Multi-Dimensional Spectral Geometry of Biological Knowledge in Single-Cell Transformer Representations

TL;DR

The results indicate that biological transformers learn an interpretable internal model of cellular organization, with implications for regulatory network inference, drug target prioritization, and model auditing.

Abstract

Single-cell foundation models such as scGPT learn high-dimensional gene representations, but what biological knowledge these representations encode remains unclear. We systematically decode the geometric structure of scGPT internal representations through 63 iterations of automated hypothesis screening (183 hypotheses tested), revealing that the model organizes genes into a structured biological coordinate system rather than an opaque feature space. The dominant spectral axis separates genes by subcellular localization, with secreted proteins at one pole and cytosolic proteins at the other. Intermediate transformer layers transiently encode mitochondrial and ER compartments in a sequence that mirrors the cellular secretory pathway. Orthogonal axes encode protein-protein interaction networks with graded fidelity to experimentally measured interaction strength (Spearman rho = 1.000 across n = 5 STRING confidence quintiles, p = 0.017). In a compact six-dimensional spectral subspace, the model distinguishes transcription factors from their target genes (AUROC = 0.744, all 12 layers significant). Early layers preserve which specific genes regulate which targets, while deeper layers compress this into a coarser regulator versus regulated distinction. Repression edges are geometrically more prominent than activation edges, and B-cell master regulators BATF and BACH2 show convergence toward the B-cell identity anchor PAX5 across transformer depth. Cell-type marker genes cluster with high fidelity (AUROC = 0.851). Residual-stream geometry encodes biological structure complementary to attention patterns. These results indicate that biological transformers learn an interpretable internal model of cellular organization, with implications for regulatory network inference, drug target prioritization, and model auditing.
Paper Structure (48 sections, 5 figures, 7 tables)

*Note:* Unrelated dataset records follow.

definition fpiece :: "real \<Rightarrow> real \<Rightarrow> real \<Rightarrow> real \<Rightarrow> real" where
  "fpiece mj s c x =
    (if x < s + mj/16 then - x + s + c
     else if x < s + 3*mj/16 then 8/mj * (x - s - mj/8)^2 - 3*mj/32 + c
     else if x < s + mj/2 then - (5*mj/16) * exp ((5*mj/16) / (x - s - mj/2) + 1) + mj/4 + c
     else if x = s + mj/2 then mj/4 + c
     else if x < s + 13*mj/16 then (5*mj/16) * exp ((- (5*mj/16)) / (x - s - mj/2) + 1) + mj/4 + c
     else if x < s + 15*mj/16 then - 8/mj * (x - s - 7*mj/8)^2 + 19*mj/32 + c
     else - x + s + 3*mj/2 + c)"

fun cseq :: "(nat \<Rightarrow> real) \<Rightarrow> nat \<Rightarrow> real" where
  "cseq m 0 = 0"
| "cseq m (Suc j) = fpiece (m j) (Sseq m j) (cseq m j) (Sseq m (Suc j))"

text \<open>f_j on (S_j, S_(j+1)] (the formula; only its values on that interval matter).\<close>
definition fj :: "(nat \<Rightarrow> real) \<Rightarrow> nat \<Rightarrow> real \<Rightarrow> real" where
  "fj m j x = fpiece (m j) (Sseq m j) (cseq m j) x"

definition fext :: "(nat \<Rightarrow> real) \<Rightarrow> nat \<Rightarrow> real \<Rightarrow> real" where
  "fext m j x = (if x = Sseq m j then Lim (at_right (Sseq m j)) (fj m j) else fj m j x)"

end

theory Submission
  imports Defs "HOL-Real_Asymp.Real_Asymp"
begin

(* Each f_j is the affine copy c_j + m_j g((x - S_j)/m_j) of one profile g = fpiece 1 0 0 on [0,1].
   On each of [0,1/16], [1/16,3/16], [3/16,13/16], [13/16,15/16], [15/16,1], the profile g and its
   candidate derivative coincide with a C^2 function on the real line and its derivative: a line,
   a parabola, and in the middle an odd combination of two copies of the flat function exp(-1/t),
   extended by 0 to t <= 0.  A C^2 function has a Lipschitz derivative on a compact interval, and
   the pieces fit together to first order at the breakpoints, so g is differentiable on [0,1] with
   Lipschitz derivative; moreover g'(0) = g'(1) = -1 and g >= -3/32. *)

lemma eventually_zero_extension_nhds:
  fixes t :: real
  assumes "t \<noteq> 0"
  shows "eventually (\<lambda>u. (if u \<le> 0 then 0 else h u) = (if t \<le> 0 then 0 else h u)) (nhds t)"
proof (cases "t < 0")
  case True
  then show ?thesis
    using eventually_nhds_in_open [of "{..<0}" t] by (auto elim!: eventually_mono)
next
  case False
  with assms show ?thesis
    using eventually_nhds_in_open [of "{0<..}" t] by (auto elim!: eventually_mono)
qed

lemma tendsto_zero_extension_at_0:
  fixes h :: "real \<Rightarrow> real"
  assumes "(h \<longlongrightarrow> 0) (at_right 0)"
  shows "((\<lambda>u. if u \<le> 0 then 0 else h u) \<longlongrightarrow> 0) (at 0)"
proof (rule filterlim_split_at)
  show "((\<lambda>u. if u \<le> 0 then 0 else h u) \<longlongrightarrow> 0) (at_left 0)"
    by (intro tendsto_eventually eventually_mono [OF eventually_at_left_real [of "-1"]]) auto
  show "((\<lambda>u. if u \<le> 0 then 0 else h u) \<longlongrightarrow> 0) (at_right 0)"
    using assms by (rule tendsto_cong [THEN iffD1, rotated])
      (intro eventually_mono [OF eventually_at_right_real [of 0 1]], auto)
qed

lemma has_real_derivative_zero_extension:
  fixes h h' :: "real \<Rightarrow> real"
  assumes deriv: "\<And>t. t > 0 \<Longrightarrow> (h has_real_derivative h' t) (at t)"
    and flat: "((\<lambda>t. h t / t) \<longlongrightarrow> 0) (at_right 0)"
  shows "((\<lambda>t. if t \<le> 0 then 0 else h t) has_real_derivative (if t \<le> 0 then 0 else h' t)) (at t)"
proof (cases "t = 0")
  case True
  have "(\<lambda>u. ((if u \<le> 0 then 0 else h u) - 0) / (u - 0)) = (\<lambda>u. if u \<le> 0 then 0 else h u / u)"
    by auto
  with tendsto_zero_extension_at_0 [OF flat] True show ?thesis
    by (simp add: has_field_derivative_iff)
next
  case False
  then show ?thesis
    using deriv by (subst DERIV_cong_ev [OF refl eventually_zero_extension_nhds [OF False] refl]) auto
qed

lemma isCont_zero_extension:
  fixes h :: "real \<Rightarrow> real"
  assumes "\<And>t. t > 0 \<Longrightarrow> isCont h t" and "(h \<longlongrightarrow> 0) (at_right 0)"
  shows "isCont (\<lambda>t. if t \<le> 0 then 0 else h t) t"
proof (cases "t = 0")
  case True
  with tendsto_zero_extension_at_0 [OF assms(2)] show ?thesis
    by (simp add: isCont_def)
next
  case False
  then show ?thesis
    using assms(1) by (subst isCont_cong [OF eventually_zero_extension_nhds [OF False]])
      (cases "t < 0", auto)
qed
lemma L_star_attained_below_L_same:
  assumes p: "p \<in> prob_simplex K" "\<forall>i<K. 0 < p i" and ab: "a < K" "b < K" "a \<noteq> b"
    and gains: "p a * poly (pderiv (bernstein_poly N (e a))) (p a)
      \<noteq> p b * poly (pderiv (bernstein_poly N (e b))) (p b)"
  shows "\<exists>q. q \<in> prob_simplex K \<and> q \<noteq> p \<and> L_N K N e p q = L_star K N e p
    \<and> L_star K N e p < L_same K N e p"
proof -
  have sum_p: "(\<Sum>i<K. p i) = 1" using p(1) by (simp add: prob_simplex_def)
  obtain q' where q': "q' \<in> prob_simplex K" "L_N K N e p q' < L_N K N e p p"
    using sum_separable_not_min_at_interior[where f = "\<lambda>k. poly (bernstein_poly N (e k))",
        OF poly_DERIV p ab gains]
    by (auto simp: L_N_eq_sum_bernstein_poly sum_p prob_simplex_def)
  obtain q where q: "q \<in> prob_simplex K" "\<forall>r\<in>prob_simplex K. L_N K N e p q \<le> L_N K N e p r"
    using L_N_attains_min[OF p(1)] by blast
  then have "L_star K N e p = L_N K N e p q"
    unfolding L_star_def by (intro cInf_eq_minimum) auto
  moreover have "L_N K N e p q < L_N K N e p p" using q(2) q' by force
  ultimately show ?thesis using q(1) by (auto simp: L_same_def)
qed

theorem corollary7p4:
  fixes K N :: nat and e :: "nat \<Rightarrow> nat \<Rightarrow> real"
  assumes "K \<ge> 3" and "N \<ge> 1"
    and "\<exists>k<K. \<exists>a\<in>{1..N}. \<exists>b\<in>{1..N}. e k a \<noteq> e k b"
  shows "\<exists>U. U \<subseteq> prob_simplex K \<and> simplex_null K U \<and>
           (\<forall>p\<in>prob_simplex K - U. \<exists>q. q \<in> prob_simplex K \<and> q \<noteq> p \<and>
              L_N K N e p q = L_star K N e p \<and> L_star K N e p < L_same K N e p)"
proof -
  obtain a m m' where a: "a < K" and m: "m \<in> {1..N}" "m' \<in> {1..N}" "e a m \<noteq> e a m'"
    using assms(3) by blast
  define gain where "gain k t = t * poly (pderiv (bernstein_poly N (e k))) t" for k t
  have "pderiv (bernstein_poly N (e a)) \<noteq> 0"
    using m by (intro pderiv_bernstein_poly_nonzero) auto
  then have level_sets: "finite {t. gain a t = c}" for c
    unfolding gain_def by (rule finite_level_set_x_mult_poly)
  have gain_measurable: "gain k \<in> borel_measurable borel" for k
    unfolding gain_def by (intro borel_measurable_continuous_onI continuous_intros)
  obtain b where b: "b < K - 1" "a \<noteq> b"
    by (rule that[of "if a = 0 then 1 else 0"]) (use assms(1) in auto)
  define U where "U = {p \<in> prob_simplex K. (\<exists>k<K. p k = 0) \<or> gain a (p a) = gain b (p b)}"
  have "simplex_null K U"
    unfolding U_def using assms(1) a b gain_measurable level_sets gain_measurable
    by (rule simplex_null_boundary_or_level_set)
  moreover have "\<exists>q. q \<in> prob_simplex K \<and> q \<noteq> p \<and> L_N K N e p q = L_star K N e p
      \<and> L_star K N e p < L_same K N e p" if p: "p \<in> prob_simplex K - U" for p
  proof (rule L_star_attained_below_L_same)
    show "\<forall>i<K. 0 < p i" using p by (force simp: U_def prob_simplex_def less_le)
    show "p a * poly (pderiv (bernstein_poly N (e a))) (p a)
      \<noteq> p b * poly (pderiv (bernstein_poly N (e b))) (p b)"
      using p by (simp add: U_def gain_def)
  qed (use p a b in auto)
  moreover have "U \<subseteq> prob_simplex K" by (auto simp: U_def)
  ultimately show ?thesis by blast
qed

end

This paper contains 48 sections, 5 figures, 7 tables.

Figures (5)

  • Figure 1: Spectral structure and biological organization across transformer depth.(a)$\mathrm{SV}_{1}$ variance fraction (195-gene submatrix) increases from 19% (L0) to 77% (L11) as the model progressively concentrates gene representations onto the secretory/localization axis. (b) TRRUST regulatory pairs co-localize in $\mathrm{SV}_{2}$ poles above null at all layers, indicating that the model embeds co-regulated genes nearby in its internal geometry.
  • Figure 2: A compact six-dimensional subspace separates transcription factors from targets. Joint $\mathrm{SV}_{2}$--$\mathrm{SV}_{7}$ (green) outperforms individual subspaces at nearly all layers. The complementary depth profiles of $\mathrm{SV}_{5}$--$\mathrm{SV}_{7}$ (early-dominant, orange) and $\mathrm{SV}_{2}$--$\mathrm{SV}_{4}$ (mid-depth, blue) ensure regulatory information is never absent.
  • Figure 3: Cross-seed robustness. The joint classifier maintains AUROC $> 0.65$ across all layer--seed combinations (three independent random seeds).
  • Figure 4: Edge-level regulatory geometry peaks at early layers and decays with depth.$\mathrm{SV}_{5}$--$\mathrm{SV}_{7}$ (orange) carries edge-level signal at layers 0--8; $\mathrm{SV}_{2}$--$\mathrm{SV}_{4}$ (blue) is near chance.
  • Figure 5: Repression edges are geometrically more prominent than activation edges in both spectral subspaces.